### Work item
Give again, exactly as written, each line of the material below starting at the line that contains "simp_all add: cvec_def)" and ending at the line that contains "unfolding gm_vec_def". Both ends count, and no other line does.

***** Data for review *****

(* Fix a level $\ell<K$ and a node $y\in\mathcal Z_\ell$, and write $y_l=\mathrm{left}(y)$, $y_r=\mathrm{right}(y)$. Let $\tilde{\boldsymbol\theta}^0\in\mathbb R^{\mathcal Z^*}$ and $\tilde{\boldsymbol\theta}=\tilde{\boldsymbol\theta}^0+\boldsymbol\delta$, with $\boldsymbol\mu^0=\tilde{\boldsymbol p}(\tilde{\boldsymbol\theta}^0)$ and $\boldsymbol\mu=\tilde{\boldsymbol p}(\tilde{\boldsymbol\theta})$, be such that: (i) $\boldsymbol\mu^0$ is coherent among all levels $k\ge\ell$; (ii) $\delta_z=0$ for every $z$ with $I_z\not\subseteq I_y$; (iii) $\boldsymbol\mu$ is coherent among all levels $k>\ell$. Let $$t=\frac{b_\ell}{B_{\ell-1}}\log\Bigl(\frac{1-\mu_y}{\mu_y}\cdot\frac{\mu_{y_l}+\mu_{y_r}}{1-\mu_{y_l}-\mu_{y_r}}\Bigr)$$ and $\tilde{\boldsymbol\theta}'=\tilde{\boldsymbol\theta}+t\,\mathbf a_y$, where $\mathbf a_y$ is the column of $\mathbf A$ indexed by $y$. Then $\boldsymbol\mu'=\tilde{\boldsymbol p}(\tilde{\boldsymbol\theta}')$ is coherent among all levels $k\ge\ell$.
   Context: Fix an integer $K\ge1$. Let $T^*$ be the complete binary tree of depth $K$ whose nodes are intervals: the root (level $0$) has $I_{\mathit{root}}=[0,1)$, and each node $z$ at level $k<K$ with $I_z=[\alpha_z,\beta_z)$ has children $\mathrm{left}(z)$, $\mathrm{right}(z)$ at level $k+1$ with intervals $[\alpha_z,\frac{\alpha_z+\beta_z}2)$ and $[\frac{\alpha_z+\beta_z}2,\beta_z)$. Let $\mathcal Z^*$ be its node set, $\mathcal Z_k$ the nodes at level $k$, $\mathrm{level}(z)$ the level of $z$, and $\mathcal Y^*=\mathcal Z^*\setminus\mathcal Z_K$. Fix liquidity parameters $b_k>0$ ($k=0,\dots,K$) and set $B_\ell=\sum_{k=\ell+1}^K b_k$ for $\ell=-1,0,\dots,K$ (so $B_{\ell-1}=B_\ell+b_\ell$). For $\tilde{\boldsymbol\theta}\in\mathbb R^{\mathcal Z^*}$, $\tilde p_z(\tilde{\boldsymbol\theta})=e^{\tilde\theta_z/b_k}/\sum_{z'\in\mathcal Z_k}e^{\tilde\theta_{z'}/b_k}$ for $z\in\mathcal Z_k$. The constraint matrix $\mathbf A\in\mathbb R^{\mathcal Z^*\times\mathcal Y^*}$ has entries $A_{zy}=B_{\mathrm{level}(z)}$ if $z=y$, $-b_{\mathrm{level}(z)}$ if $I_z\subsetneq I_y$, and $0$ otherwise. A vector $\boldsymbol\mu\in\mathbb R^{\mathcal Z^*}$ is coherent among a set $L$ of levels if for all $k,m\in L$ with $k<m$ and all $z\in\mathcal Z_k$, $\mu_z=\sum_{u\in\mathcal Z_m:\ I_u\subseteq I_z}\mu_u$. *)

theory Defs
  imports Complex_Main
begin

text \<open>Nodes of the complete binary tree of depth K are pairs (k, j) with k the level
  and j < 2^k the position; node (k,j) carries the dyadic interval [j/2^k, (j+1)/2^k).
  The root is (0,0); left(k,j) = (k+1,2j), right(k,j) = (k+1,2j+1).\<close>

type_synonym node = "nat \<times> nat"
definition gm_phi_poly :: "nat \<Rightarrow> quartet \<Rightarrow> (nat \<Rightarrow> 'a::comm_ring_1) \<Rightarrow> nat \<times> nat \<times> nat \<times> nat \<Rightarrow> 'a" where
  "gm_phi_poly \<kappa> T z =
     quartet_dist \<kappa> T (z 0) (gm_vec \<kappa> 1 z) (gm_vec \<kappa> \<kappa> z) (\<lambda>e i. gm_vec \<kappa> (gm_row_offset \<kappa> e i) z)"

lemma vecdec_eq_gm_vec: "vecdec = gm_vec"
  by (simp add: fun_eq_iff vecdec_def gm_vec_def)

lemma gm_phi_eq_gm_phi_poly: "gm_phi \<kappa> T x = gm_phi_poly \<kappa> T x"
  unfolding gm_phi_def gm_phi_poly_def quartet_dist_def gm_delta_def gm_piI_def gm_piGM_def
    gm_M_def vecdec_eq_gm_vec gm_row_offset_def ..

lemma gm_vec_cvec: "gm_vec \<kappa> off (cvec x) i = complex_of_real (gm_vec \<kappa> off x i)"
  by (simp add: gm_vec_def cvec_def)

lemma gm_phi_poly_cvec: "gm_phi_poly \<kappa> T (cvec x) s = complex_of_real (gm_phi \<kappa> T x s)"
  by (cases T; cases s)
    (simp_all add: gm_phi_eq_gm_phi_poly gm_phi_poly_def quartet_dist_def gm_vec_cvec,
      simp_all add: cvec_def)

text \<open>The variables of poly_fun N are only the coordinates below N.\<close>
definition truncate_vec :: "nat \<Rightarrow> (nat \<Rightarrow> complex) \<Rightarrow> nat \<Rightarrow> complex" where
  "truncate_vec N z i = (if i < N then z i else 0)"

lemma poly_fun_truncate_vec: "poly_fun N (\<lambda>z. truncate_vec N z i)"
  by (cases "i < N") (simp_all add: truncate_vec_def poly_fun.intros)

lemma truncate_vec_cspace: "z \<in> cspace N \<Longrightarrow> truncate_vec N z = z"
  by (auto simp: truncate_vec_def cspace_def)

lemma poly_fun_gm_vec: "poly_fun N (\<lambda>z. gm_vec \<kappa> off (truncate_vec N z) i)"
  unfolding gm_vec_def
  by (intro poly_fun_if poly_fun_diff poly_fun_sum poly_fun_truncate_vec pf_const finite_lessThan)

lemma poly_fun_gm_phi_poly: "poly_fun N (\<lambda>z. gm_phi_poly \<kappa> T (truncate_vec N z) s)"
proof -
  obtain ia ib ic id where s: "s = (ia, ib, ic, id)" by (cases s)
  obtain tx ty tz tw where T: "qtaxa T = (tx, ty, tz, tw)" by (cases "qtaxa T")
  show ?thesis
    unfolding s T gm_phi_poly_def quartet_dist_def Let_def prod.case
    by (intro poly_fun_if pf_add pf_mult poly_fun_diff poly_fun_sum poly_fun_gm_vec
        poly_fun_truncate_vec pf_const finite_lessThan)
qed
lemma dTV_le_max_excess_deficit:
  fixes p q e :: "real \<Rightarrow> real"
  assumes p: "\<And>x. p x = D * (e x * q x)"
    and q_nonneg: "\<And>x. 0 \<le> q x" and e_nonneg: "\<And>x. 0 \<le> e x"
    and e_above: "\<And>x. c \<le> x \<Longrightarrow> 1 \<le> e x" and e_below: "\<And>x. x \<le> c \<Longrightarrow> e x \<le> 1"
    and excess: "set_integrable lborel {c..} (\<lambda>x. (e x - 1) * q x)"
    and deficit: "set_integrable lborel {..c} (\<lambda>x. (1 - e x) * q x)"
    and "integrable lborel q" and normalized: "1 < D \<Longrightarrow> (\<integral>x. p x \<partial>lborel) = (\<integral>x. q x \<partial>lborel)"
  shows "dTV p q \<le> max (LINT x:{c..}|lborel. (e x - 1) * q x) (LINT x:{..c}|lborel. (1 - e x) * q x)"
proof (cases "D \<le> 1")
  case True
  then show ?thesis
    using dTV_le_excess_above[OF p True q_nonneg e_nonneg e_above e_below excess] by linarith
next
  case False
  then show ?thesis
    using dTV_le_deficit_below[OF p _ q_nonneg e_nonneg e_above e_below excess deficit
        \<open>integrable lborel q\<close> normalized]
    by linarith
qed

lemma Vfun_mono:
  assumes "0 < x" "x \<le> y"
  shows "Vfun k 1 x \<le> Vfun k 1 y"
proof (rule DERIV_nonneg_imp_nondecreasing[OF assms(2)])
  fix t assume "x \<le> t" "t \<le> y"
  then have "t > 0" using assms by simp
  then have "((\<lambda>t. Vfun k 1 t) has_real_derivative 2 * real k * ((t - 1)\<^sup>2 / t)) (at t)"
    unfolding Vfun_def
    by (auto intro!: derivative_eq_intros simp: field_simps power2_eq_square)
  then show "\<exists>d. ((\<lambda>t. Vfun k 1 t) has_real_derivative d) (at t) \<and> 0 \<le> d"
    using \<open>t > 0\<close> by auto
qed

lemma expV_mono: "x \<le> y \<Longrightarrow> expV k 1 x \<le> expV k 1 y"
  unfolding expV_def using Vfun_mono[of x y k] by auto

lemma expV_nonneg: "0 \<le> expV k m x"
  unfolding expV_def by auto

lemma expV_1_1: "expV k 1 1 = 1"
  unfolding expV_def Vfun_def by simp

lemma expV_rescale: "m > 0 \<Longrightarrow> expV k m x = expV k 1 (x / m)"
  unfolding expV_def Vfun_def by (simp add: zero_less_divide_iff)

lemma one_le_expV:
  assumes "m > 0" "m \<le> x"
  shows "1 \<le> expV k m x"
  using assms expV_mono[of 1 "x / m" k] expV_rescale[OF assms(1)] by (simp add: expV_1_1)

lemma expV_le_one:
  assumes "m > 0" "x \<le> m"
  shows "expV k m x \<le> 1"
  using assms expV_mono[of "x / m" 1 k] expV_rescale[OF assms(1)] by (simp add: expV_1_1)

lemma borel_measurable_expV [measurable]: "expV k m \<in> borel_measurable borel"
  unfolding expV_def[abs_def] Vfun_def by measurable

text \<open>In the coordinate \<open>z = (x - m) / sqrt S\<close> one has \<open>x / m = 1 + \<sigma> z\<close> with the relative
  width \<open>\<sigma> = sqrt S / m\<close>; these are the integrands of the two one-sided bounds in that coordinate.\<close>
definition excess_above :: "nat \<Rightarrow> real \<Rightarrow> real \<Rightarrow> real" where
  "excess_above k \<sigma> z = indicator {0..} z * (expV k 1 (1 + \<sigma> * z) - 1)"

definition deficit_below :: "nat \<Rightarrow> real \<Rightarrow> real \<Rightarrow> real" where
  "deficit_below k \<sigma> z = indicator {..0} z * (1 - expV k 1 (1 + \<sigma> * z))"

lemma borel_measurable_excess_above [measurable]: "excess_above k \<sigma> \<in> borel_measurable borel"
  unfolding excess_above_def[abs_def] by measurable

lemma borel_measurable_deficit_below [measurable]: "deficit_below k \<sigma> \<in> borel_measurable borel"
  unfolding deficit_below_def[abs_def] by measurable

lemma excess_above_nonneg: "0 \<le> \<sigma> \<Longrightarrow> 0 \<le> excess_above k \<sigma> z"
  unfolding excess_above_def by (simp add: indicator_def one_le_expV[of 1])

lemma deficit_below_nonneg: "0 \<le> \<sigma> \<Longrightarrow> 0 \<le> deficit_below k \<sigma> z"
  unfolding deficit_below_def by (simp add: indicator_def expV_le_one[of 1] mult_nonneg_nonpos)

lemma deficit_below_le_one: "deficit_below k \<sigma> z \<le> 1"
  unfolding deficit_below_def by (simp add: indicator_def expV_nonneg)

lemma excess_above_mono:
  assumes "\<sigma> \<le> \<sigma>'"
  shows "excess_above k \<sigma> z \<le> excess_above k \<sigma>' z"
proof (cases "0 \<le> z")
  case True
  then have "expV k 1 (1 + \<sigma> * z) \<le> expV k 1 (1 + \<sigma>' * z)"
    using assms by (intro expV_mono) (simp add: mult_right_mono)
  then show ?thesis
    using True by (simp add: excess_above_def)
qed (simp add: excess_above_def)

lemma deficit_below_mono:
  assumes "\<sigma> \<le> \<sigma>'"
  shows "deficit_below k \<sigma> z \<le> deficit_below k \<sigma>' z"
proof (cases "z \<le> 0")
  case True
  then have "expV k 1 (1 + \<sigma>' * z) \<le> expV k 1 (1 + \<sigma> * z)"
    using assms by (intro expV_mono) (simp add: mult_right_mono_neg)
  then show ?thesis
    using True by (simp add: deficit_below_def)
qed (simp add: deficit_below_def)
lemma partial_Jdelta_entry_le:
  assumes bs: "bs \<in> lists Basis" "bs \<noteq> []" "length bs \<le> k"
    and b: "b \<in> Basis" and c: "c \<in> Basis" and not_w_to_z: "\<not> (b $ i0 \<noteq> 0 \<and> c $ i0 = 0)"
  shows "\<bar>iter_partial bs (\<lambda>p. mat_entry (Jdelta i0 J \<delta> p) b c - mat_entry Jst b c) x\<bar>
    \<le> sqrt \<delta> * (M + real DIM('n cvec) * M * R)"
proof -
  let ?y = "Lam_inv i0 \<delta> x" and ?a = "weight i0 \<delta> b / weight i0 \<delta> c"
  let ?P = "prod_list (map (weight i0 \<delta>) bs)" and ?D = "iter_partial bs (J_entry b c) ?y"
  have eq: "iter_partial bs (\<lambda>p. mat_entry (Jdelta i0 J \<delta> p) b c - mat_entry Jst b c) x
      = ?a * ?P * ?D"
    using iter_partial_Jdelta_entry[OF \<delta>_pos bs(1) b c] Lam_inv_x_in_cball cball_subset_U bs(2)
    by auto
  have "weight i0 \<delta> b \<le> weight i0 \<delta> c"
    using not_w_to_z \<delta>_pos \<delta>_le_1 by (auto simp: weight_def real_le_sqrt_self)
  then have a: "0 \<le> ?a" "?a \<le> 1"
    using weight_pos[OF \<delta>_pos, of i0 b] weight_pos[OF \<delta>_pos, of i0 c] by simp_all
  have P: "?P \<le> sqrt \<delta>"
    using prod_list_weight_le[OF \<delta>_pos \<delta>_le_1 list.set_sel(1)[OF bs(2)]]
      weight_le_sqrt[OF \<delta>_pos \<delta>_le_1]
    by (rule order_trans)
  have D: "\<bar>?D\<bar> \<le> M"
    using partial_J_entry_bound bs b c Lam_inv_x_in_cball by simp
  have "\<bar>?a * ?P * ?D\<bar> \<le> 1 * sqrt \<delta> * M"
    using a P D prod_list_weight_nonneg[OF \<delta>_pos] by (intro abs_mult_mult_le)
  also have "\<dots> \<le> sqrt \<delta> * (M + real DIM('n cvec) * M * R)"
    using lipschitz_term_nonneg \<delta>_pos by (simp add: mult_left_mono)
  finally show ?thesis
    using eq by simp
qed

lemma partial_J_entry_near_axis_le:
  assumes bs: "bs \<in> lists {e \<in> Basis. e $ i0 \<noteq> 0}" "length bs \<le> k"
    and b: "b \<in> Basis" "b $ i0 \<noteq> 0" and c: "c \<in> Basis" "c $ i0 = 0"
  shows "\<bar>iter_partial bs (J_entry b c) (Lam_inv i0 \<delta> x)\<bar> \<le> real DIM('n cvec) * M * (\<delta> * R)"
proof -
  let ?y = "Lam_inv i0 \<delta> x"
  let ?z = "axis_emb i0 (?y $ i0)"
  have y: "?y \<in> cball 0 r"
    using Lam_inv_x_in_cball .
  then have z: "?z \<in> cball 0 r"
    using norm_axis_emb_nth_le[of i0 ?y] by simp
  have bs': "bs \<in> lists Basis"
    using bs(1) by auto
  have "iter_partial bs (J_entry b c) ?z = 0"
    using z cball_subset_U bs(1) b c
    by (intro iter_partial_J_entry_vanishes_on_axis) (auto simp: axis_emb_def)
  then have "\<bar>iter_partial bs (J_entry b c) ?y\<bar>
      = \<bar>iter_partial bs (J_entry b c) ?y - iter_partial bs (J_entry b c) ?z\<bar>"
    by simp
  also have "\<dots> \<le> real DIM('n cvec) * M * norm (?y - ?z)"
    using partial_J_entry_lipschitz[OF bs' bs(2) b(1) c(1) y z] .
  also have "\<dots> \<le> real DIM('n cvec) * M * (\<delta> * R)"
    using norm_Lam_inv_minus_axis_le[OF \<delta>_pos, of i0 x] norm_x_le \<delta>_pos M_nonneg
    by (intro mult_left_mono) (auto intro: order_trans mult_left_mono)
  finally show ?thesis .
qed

*****

### Problem solution
      simp_all add: cvec_def)

text \<open>The variables of poly_fun N are only the coordinates below N.\<close>
definition truncate_vec :: "nat \<Rightarrow> (nat \<Rightarrow> complex) \<Rightarrow> nat \<Rightarrow> complex" where
  "truncate_vec N z i = (if i < N then z i else 0)"

lemma poly_fun_truncate_vec: "poly_fun N (\<lambda>z. truncate_vec N z i)"
  by (cases "i < N") (simp_all add: truncate_vec_def poly_fun.intros)

lemma truncate_vec_cspace: "z \<in> cspace N \<Longrightarrow> truncate_vec N z = z"
  by (auto simp: truncate_vec_def cspace_def)

lemma poly_fun_gm_vec: "poly_fun N (\<lambda>z. gm_vec \<kappa> off (truncate_vec N z) i)"
  unfolding gm_vec_def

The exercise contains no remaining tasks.